Data processing#
UDAO provides a data processing pipeline that can be used to prepare data for training. While the tools provided are generic, the provided extractors are tailored to the use case of manipulating graphs and their metadata.
Feature extraction#
A feature extractor extracts a certain kind of information from the main data source, which is expected to be a dataframe. There are two types of feature extractors:
TrainedExtractor
must first be fitted on the training dataStaticExtractor
are applied independently on any split of the data
All feature extractors should implement one of these interfaces.
A feature extractor is expected to return a feature container of type BaseContainer
that stores the extracted features per sample.
A container is used to link an index key to the feature for the corresponding sample. It does not make any assumption on the type of the feature returned, except that one sample has one such feature.
Building an iterator#
The iterator is the main output of the data processing pipeline: it iterates over the data and returns all features for the current sample.
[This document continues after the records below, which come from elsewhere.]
lemma entire_affine_of_exp_exponential_type:
  fixes F :: "complex \<Rightarrow> complex"
  assumes hol: "F holomorphic_on UNIV" and "0 < C" and "0 \<le> S"
    and bound: "\<And>z. norm (exp (F z)) \<le> C * exp (S * norm z)"
  obtains q where "\<And>z. F z = F 0 + q * z"
proof -
  define c where "c = max 0 (ln C - Re (F 0))"
  have re_F: "Re (F z) \<le> ln C + S * norm z" for z
    using bound[of z] \<open>0 < C\<close> by (simp add: norm_exp ln_le_cancel_iff[symmetric] ln_mult)
  have re: "Re (F z - F 0) \<le> c + S * norm z" for z
    using re_F[of z] max.cobounded2[of 0 "ln C - Re (F 0)"] unfolding c_def by simp
  have "F z - F 0 = deriv (\<lambda>z. F z - F 0) 0 * z" for z
    by (rule entire_linear_of_re_bound[OF _ _ re]) (use hol \<open>0 \<le> S\<close> in \<open>auto simp: c_def intro!: holomorphic_intros\<close>)
  then show ?thesis using that by (metis add.commute diff_add_cancel)
qed

section \<open>The differential equation \<open>A' = A B\<close>\<close>

lemma solution_of_linear_ode:
  fixes A B F :: "complex \<Rightarrow> complex"
  assumes dA: "\<And>z. (A has_field_derivative A z * B z) (at z)"
    and dF: "\<And>z. (F has_field_derivative B z) (at z)"
  obtains c where "\<And>z. A z = c * exp (F z)"
proof -
  have "\<exists>c. \<forall>z\<in>UNIV. A z * exp (- F z) = c"
  proof (rule has_field_derivative_zero_constant)
    fix z :: complex
    have "((\<lambda>z. A z * exp (- F z)) has_field_derivative
        (A z * B z) * exp (- F z) + exp (- F z) * (- B z) * A z) (at z)"
      by (rule DERIV_mult[OF dA DERIV_fun_exp[OF DERIV_minus[OF dF]]])
    then show "((\<lambda>z. A z * exp (- F z)) has_field_derivative 0) (at z within UNIV)"
      by (simp add: algebra_simps)
  qed simp
  then obtain c where "\<And>z. A z * exp (- F z) = c" by auto
  then have "A z = c * exp (F z)" for z
    by (metis exp_minus_inverse mult.assoc mult.right_neutral)
  then show ?thesis using that by blast
qed
section \<open>The index against the empirical c.d.f.\<close>

lemma step_down_bounds:
  assumes "0 < m" "lam \<le> m" "mono_on {0..1} \<rho>" "hits \<rho> m p lam"
  defines "K \<equiv> khat \<rho> m lam p"
  shows "ecdf m p (\<rho> (real K / real m)) \<le> real K / real m"
    and "\<forall>u\<in>{real lam / real m..1}. u < real K / real m
           \<longrightarrow> u < min (ecdf m p (\<rho> u) + 1 / real m) 1"
proof -
  define N where "N u = pcount p m (\<rho> u)" for u
  have mono: "mono_on {0..1} N"
    unfolding N_def using assms(3) by (rule mono_on_pcount_comp)
  note K = khat_step_down[OF assms(4,2), folded K_def]
  have mpos: "0 < real m" using assms(1) by simp
  show "ecdf m p (\<rho> (real K / real m)) \<le> real K / real m"
  proof (cases "K = m")
    case True
    then show ?thesis using ecdf_bounds mpos by simp
  next
    case False
    then have "N (real (K + 1) / real m) \<le> K"
      using K hits_iff_pcount[of "K + 1" m] by (simp add: N_def)
    moreover have "N (real K / real m) \<le> N (real (K + 1) / real m)"
      using False K(2) mpos by (intro mono_onD[OF mono]) (auto simp: divide_simps)
    ultimately show ?thesis
      using mpos by (simp add: ecdf_eq_pcount N_def divide_simps)
  qed
  show "\<forall>u\<in>{real lam / real m..1}. u < real K / real m
          \<longrightarrow> u < min (ecdf m p (\<rho> u) + 1 / real m) 1"
  proof (intro ballI impI)
    fix u assume u: "u \<in> {real lam / real m..1}" and uK: "u < real K / real m"
    define j where "j = nat \<lfloor>real m * u\<rfloor>"
    have mu: "real lam \<le> real m * u" "real m * u < real K"
      using u uK mpos by (auto simp: divide_simps mult.commute)
    then have "lam \<le> j" "j < K" unfolding j_def by linarith+
    then have "hits \<rho> m p j" using K(3) by simp
    then have "j \<le> N (real j / real m)"
      using hits_iff_pcount[of j m] \<open>j < K\<close> K(2) by (simp add: N_def)
    moreover have "0 \<le> u" "u \<le> 1"
      using u order_trans[of 0 "real lam / real m" u] by auto
    ultimately have "real m * u < real (N u) + 1"
      using floor_crossing[OF mono assms(1), of u] unfolding j_def by blast
    moreover have "real m * u < real m * 1" using mu(2) K(2) by simp
    then have "u < 1" using mpos by simp
    ultimately show "u < min (ecdf m p (\<rho> u) + 1 / real m) 1"
      using mpos by (simp add: ecdf_eq_pcount N_def divide_simps mult.commute)
  qed
qed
As such, it is expected to have as attributes:
a list of keys
a list of feature containers as attributes.
The BaseIterator
class enforces these requirements as well as other utilitary methods to prepare the data for interaction with PyTorch.
The get_dataloader()
returns a torch dataloader that can directly be used for training.
Iterators can also implement a custom collate()
method to define how to batch features from different samples in the dataloader.
Additional processing#
Once a feature is extracted and before it is returned by the iterator, it can be further processed by a preprocessor.
Typically, this is used to apply a transformation to the feature, such as a normalization (NormalizePreprocessor
).
Full data pipeline#
The DataHandler
class is a wrapper around the data processing pipeline.
It:
performs the split between training, testing and validation data
applies the feature extractors on the data
applies any preprocessing on the resulting features
creates iterators for each split based on the features.
The DataHandler
relies on the DataProcessor
class to define the parameters of the data processing pipeline.
While the DataHandler
is meant for offline operations, splitting a dataset into training, validation and test, the DataProcessor
class can be reused later to process new data in the same way as the training data.
Setting up a simple tabular data pipeline#
To process a dataframe for training, with column selection and normalization, one can first define the iterator:
from udao.data.iterators import BaseDatasetIterator
class MyIterator(BaseIterator):
"""Iterator on tabular data, with objectives
Parameters
----------
keys : Sequence[str]
Keys of the dataset, used for accessing all features
features : TabularContainer
Container for the features
objectives : TabularContainer
Container for the objectives
"""
def __init__(
self,
keys: Sequence[str],
features: TabularContainer,
objectives: TabularContainer,
):
self.keys = keys
self.features = features
self.objectives = objectives
def __len__(self) -> int:
return len(self.keys)
def __getitem__(self, idx: int) -> Any:
key = self.keys[idx]
return self.features.get(key), self.objectives.get(key)
You can then set up the data handler, based on the iterator. Here we use create_data_processor()
to generate a dynamic function. But udao.data.handler.data_processor.DataProcessor
can also be instantiated directly.
This enables to obtain a training dataloader ready for model training:
from udao.data.handler import DataHandler, FeaturePipeline, create_data_processor
from udao.data.extractors import TabularFeatureExtractor, select_columns
from udao.data.preprocessors import NormalizePreprocessor
from sklearn.preprocessing import MinMaxScaler
from .iterators import MyIterator
processor_getter = create_data_processor(MyIterator, "op_enc")
data_processor = processor_getter(
tensor_dtypes=tensor_dtypes,
features=FeaturePipeline(
extractor=(TabularFeatureExtractor("k1", "k2", "k3"))
,
preprocessors=[NormalizePreprocessor(MinMaxScaler())],
),
objectives=FeaturePipeline(
extractor=(TabularFeatureExtractor(["latency"]))
preprocessors=None,
),
)
data_handler = DataHandler.from_csv("data.csv",
DataHandler.Params(
index_column="id",
stratify_on="tid",
dryrun=True,
data_processor=data_processor,
),
)
iterators = dh.get_iterators()
# iterators is a dict with keys "train", "test", "val"
# each value is an instance of MyIterator
training_dataloader = iterators["train"].get_dataloader(batch_size=32)
This training dataloader can then be used to train a model.